---- Dataset records
theorem noise_amp_extremes:
  fixes w :: "nat \<Rightarrow> 'a \<Rightarrow> real^'n"
  assumes n2: "CARD('n) \<ge> 2" and mL: "0 < m" "m < L" and wn: "white_noise M w"
    and stable: "\<And>lam. m \<le> lam \<Longrightarrow> lam \<le> L \<Longrightarrow> schur_stable (mode_a \<alpha> \<beta> \<gamma> lam) (mode_b \<alpha> \<beta> \<gamma> lam)"
    and J_max: "\<And>lam. m \<le> lam \<Longrightarrow> lam \<le> L \<Longrightarrow> Jhat \<alpha> \<beta> \<gamma> \<sigma> lam \<le> Jhat \<alpha> \<beta> \<gamma> \<sigma> m"
    and \<mu>: "m \<le> \<mu>" "\<mu> \<le> L"
    and J_min: "\<And>lam. m \<le> lam \<Longrightarrow> lam \<le> L \<Longrightarrow> Jhat \<alpha> \<beta> \<gamma> \<sigma> \<mu> \<le> Jhat \<alpha> \<beta> \<gamma> \<sigma> lam"
  defines "J \<equiv> Jhat \<alpha> \<beta> \<gamma> \<sigma>"
  shows "(\<forall>(Q, q) \<in> quad_class m L. convergent (noise_avg M \<alpha> \<beta> \<gamma> \<sigma> Q q w x0 x1))
   \<and> (\<exists>(Q, q) \<in> quad_class m L. noise_amp M \<alpha> \<beta> \<gamma> \<sigma> Q q w x0 x1 = (real CARD('n) - 1) * J m + J L)
   \<and> (\<forall>(Q, q) \<in> quad_class m L. noise_amp M \<alpha> \<beta> \<gamma> \<sigma> Q q w x0 x1 \<le> (real CARD('n) - 1) * J m + J L)
   \<and> (\<exists>(Q, q) \<in> quad_class m L. noise_amp M \<alpha> \<beta> \<gamma> \<sigma> Q q w x0 x1 = J m + J L + (real CARD('n) - 2) * J \<mu>)
   \<and> (\<forall>(Q, q) \<in> quad_class m L. J m + J L + (real CARD('n) - 2) * J \<mu> \<le> noise_amp M \<alpha> \<beta> \<gamma> \<sigma> Q q w x0 x1)"
proof -
  have max_eq: "(real CARD('n) - 1) * J m + J L = J m + J L + (real CARD('n) - 2) * J m"
    by (simp add: algebra_simps)
  obtain i0 i1 :: 'n where i01: "i0 \<noteq> i1"
    using n2 card_le_Suc0_iff_eq[of "UNIV :: 'n set"] by fastforce
  show ?thesis
    unfolding max_eq unfolding J_def
    by (intro conjI quad_class_noise_amp_bounds[OF mL(2) wn stable J_max J_min]
        diag_matrix_noise_amp_attains[OF i01 mL(1) _ _ _ wn stable]) (use mL \<mu> in auto)
qed
(* Let $k\ge2$ and $p=p(n)\in[0,1]$. For every $\varepsilon>0$, with probability tending to $1$ as $n\to\infty$, the random cochain $a$ used to construct $Y^k(n,p)$ is a $\mathbb Z_2$-cocycle of $Y^k(n,p)$ (i.e. $\delta a=0$) and satisfies $\|[a]\|\ge\frac12-\varepsilon$; in particular $\tilde H^{k-1}(Y^k(n,p);\mathbb Z_2)\ne0$.
   Context: $Y^k(n,p)$ is the random $k$-dimensional complex on vertex set $[n]$ with complete $(k-1)$-skeleton constructed as follows: choose $a:\binom{[n]}{k}\to\mathbb Z_2$ with values independent and uniform; call $H\in\binom{[n]}{k+1}$ good if $H$ contains an even number of $k$-subsets $F$ with $a(F)=1$; each good $H$ is added as a $k$-face independently with probability $p$. Faces are oriented by a fixed vertex order; over $\mathbb Z_2$ the coboundary is $(\delta f)(H)=\sum_{G\subset H,|G|=|H|-1}f(G)$. For $f\in C^{i}(X;\mathbb Z_2)$, $\|f\|=|\{F\in X_i:f(F)=1\}|/|X_i|$ and $\|[f]\|=\min\{\|f+\delta g\|:g\in C^{i-1}(X;\mathbb Z_2)\}$. *)

theory Defs
  imports "HOL-Probability.Probability"
begin

text \<open>Faces are finite subsets of the vertex set [n] = {1..n}; an i-face has i+1 vertices.
  Z_2-valued cochains are represented as predicates (True = 1, False = 0), addition is xor.\<close>

definition ksub :: "nat \<Rightarrow> nat \<Rightarrow> nat set set" where
  "ksub n j = {F. F \<subseteq> {1..n} \<and> card F = j}"

definition cobdry :: "(nat set \<Rightarrow> bool) \<Rightarrow> nat set \<Rightarrow> bool" where
  "cobdry f H = odd (card {G. G \<subseteq> H \<and> card G + 1 = card H \<and> f G})"

definition good :: "nat \<Rightarrow> (nat set \<Rightarrow> bool) \<Rightarrow> nat set \<Rightarrow> bool" where
  "good k a H = even (card {F. F \<subseteq> H \<and> card F = k \<and> a F})"

text \<open>The random model: the pair (a, X_k), where a is uniform on the k-subsets of [n]
  (independent fair bits, False outside) and each good (k+1)-subset is a k-face
  independently with probability p. The complex has complete (k-1)-skeleton.\<close>
definition Ymodel :: "nat \<Rightarrow> nat \<Rightarrow> real \<Rightarrow> ((nat set \<Rightarrow> bool) \<times> nat set set) pmf" where
  "Ymodel k n p =
     do { a \<leftarrow> Pi_pmf (ksub n k) False (\<lambda>_. bernoulli_pmf (1/2));
          S \<leftarrow> Pi_pmf {H \<in> ksub n (k+1). good k a H} False (\<lambda>_. bernoulli_pmf p);
          return_pmf (a, {H. S H}) }"

definition is_cocycle :: "nat set set \<Rightarrow> (nat set \<Rightarrow> bool) \<Rightarrow> bool" where
  "is_cocycle Xk f \<longleftrightarrow> (\<forall>H\<in>Xk. \<not> cobdry f H)"

text \<open>Normalized Hamming norm of a (k-1)-cochain, X_{k-1} = ksub n k.\<close>
definition cnorm :: "nat \<Rightarrow> nat \<Rightarrow> (nat set \<Rightarrow> bool) \<Rightarrow> real" where
  "cnorm n k f = real (card {F\<in>ksub n k. f F}) / real (card (ksub n k))"

text \<open>(k-2)-cochains: functions supported on X_{k-2} = ksub n (k-1).\<close>
definition cochains :: "nat \<Rightarrow> nat \<Rightarrow> (nat set \<Rightarrow> bool) set" where
  "cochains n j = {g. \<forall>G. g G \<longrightarrow> G \<in> ksub n j}"

definition class_norm :: "nat \<Rightarrow> nat \<Rightarrow> (nat set \<Rightarrow> bool) \<Rightarrow> real" where
  "class_norm n k f = (INF g\<in>cochains n (k-1). cnorm n k (\<lambda>F. f F \<noteq> cobdry g F))"

text \<open>Reduced cohomology H^{k-1}(X;Z_2) = ker delta / im delta is nonzero iff some
  (k-1)-cocycle is not a coboundary (on X_{k-1}).\<close>
definition cohom_nonzero :: "nat \<Rightarrow> nat \<Rightarrow> nat set set \<Rightarrow> bool" where
  "cohom_nonzero n k Xk \<longleftrightarrow>
     (\<exists>f\<in>cochains n k. is_cocycle Xk f \<and>
        (\<forall>g\<in>cochains n (k-1). \<exists>F\<in>ksub n k. f F \<noteq> cobdry g F))"

end

theory Submission
  imports Defs "HOL-Real_Asymp.Real_Asymp"
begin

text \<open>The faces of \<open>Y\<^sup>k(n,p)\<close> are all good, so \<open>a\<close> is a cocycle by construction; and the
  distribution of \<open>a\<close> is uniform, independently of the random faces. For a fixed
  \<open>(k-2)\<close>-cochain \<open>g\<close>, the number of \<open>(k-1)\<close>-faces on which \<open>a\<close> and \<open>\<delta>g\<close> differ is
  binomial \<open>Bin(N, 1/2)\<close> with \<open>N = n choose k\<close>, so by Hoeffding it falls below \<open>(1/2 - e)N\<close>
  with probability at most \<open>exp(-2e\<^sup>2N)\<close>. A union bound over the \<open>2\<^sup>M\<close> cochains \<open>g\<close>,
  \<open>M = n choose (k-1)\<close>, costs a factor that is negligible because \<open>M/N = k/(n-k+1) \<rightarrow> 0\<close>.\<close>

lemma map_pmf_bernoulli_half_xor:
  "map_pmf (\<lambda>b. b \<noteq> d) (bernoulli_pmf (1/2)) = bernoulli_pmf (1/2)"
proof (rule pmf_eqI)
  fix x :: bool
  have "(\<lambda>b. b \<noteq> d) -` {x} = {x \<noteq> d}" by auto
  then show "pmf (map_pmf (\<lambda>b. b \<noteq> d) (bernoulli_pmf (1/2))) x = pmf (bernoulli_pmf (1/2)) x"
    by (simp add: pmf_map measure_pmf_single)
qed

lemma map_pmf_fair_coins_xor:
  assumes "finite A"
  shows "map_pmf (\<lambda>a x. if x \<in> A then a x \<noteq> c x else False) (Pi_pmf A False (\<lambda>_. bernoulli_pmf (1/2)))
         = Pi_pmf A False (\<lambda>_. bernoulli_pmf (1/2))"
proof -
  have "Pi_pmf A False (\<lambda>_. bernoulli_pmf (1/2))
        = Pi_pmf A False (\<lambda>x. bind_pmf (bernoulli_pmf (1/2)) (\<lambda>b. return_pmf (b \<noteq> c x)))"
    by (rule Pi_pmf_cong) (simp_all only: map_pmf_def[symmetric] map_pmf_bernoulli_half_xor)
  also have "\<dots> = bind_pmf (Pi_pmf A False (\<lambda>_. bernoulli_pmf (1/2)))
                    (\<lambda>a. Pi_pmf A False (\<lambda>x. return_pmf (a x \<noteq> c x)))"
    by (rule Pi_pmf_bind[OF assms])
  also have "\<dots> = map_pmf (\<lambda>a x. if x \<in> A then a x \<noteq> c x else False)
                    (Pi_pmf A False (\<lambda>_. bernoulli_pmf (1/2)))"
    using assms by (simp add: map_pmf_def)
  finally show ?thesis by simp
qed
--------
Task
Where a line of the data holds the word "bool", copy that line.

Problem solution
definition cobdry :: "(nat set \<Rightarrow> bool) \<Rightarrow> nat set \<Rightarrow> bool" where
definition good :: "nat \<Rightarrow> (nat set \<Rightarrow> bool) \<Rightarrow> nat set \<Rightarrow> bool" where
definition Ymodel :: "nat \<Rightarrow> nat \<Rightarrow> real \<Rightarrow> ((nat set \<Rightarrow> bool) \<times> nat set set) pmf" where
definition is_cocycle :: "nat set set \<Rightarrow> (nat set \<Rightarrow> bool) \<Rightarrow> bool" where
definition cnorm :: "nat \<Rightarrow> nat \<Rightarrow> (nat set \<Rightarrow> bool) \<Rightarrow> real" where
definition cochains :: "nat \<Rightarrow> nat \<Rightarrow> (nat set \<Rightarrow> bool) set" where
definition class_norm :: "nat \<Rightarrow> nat \<Rightarrow> (nat set \<Rightarrow> bool) \<Rightarrow> real" where
definition cohom_nonzero :: "nat \<Rightarrow> nat \<Rightarrow> nat set set \<Rightarrow> bool" where
  fix x :: bool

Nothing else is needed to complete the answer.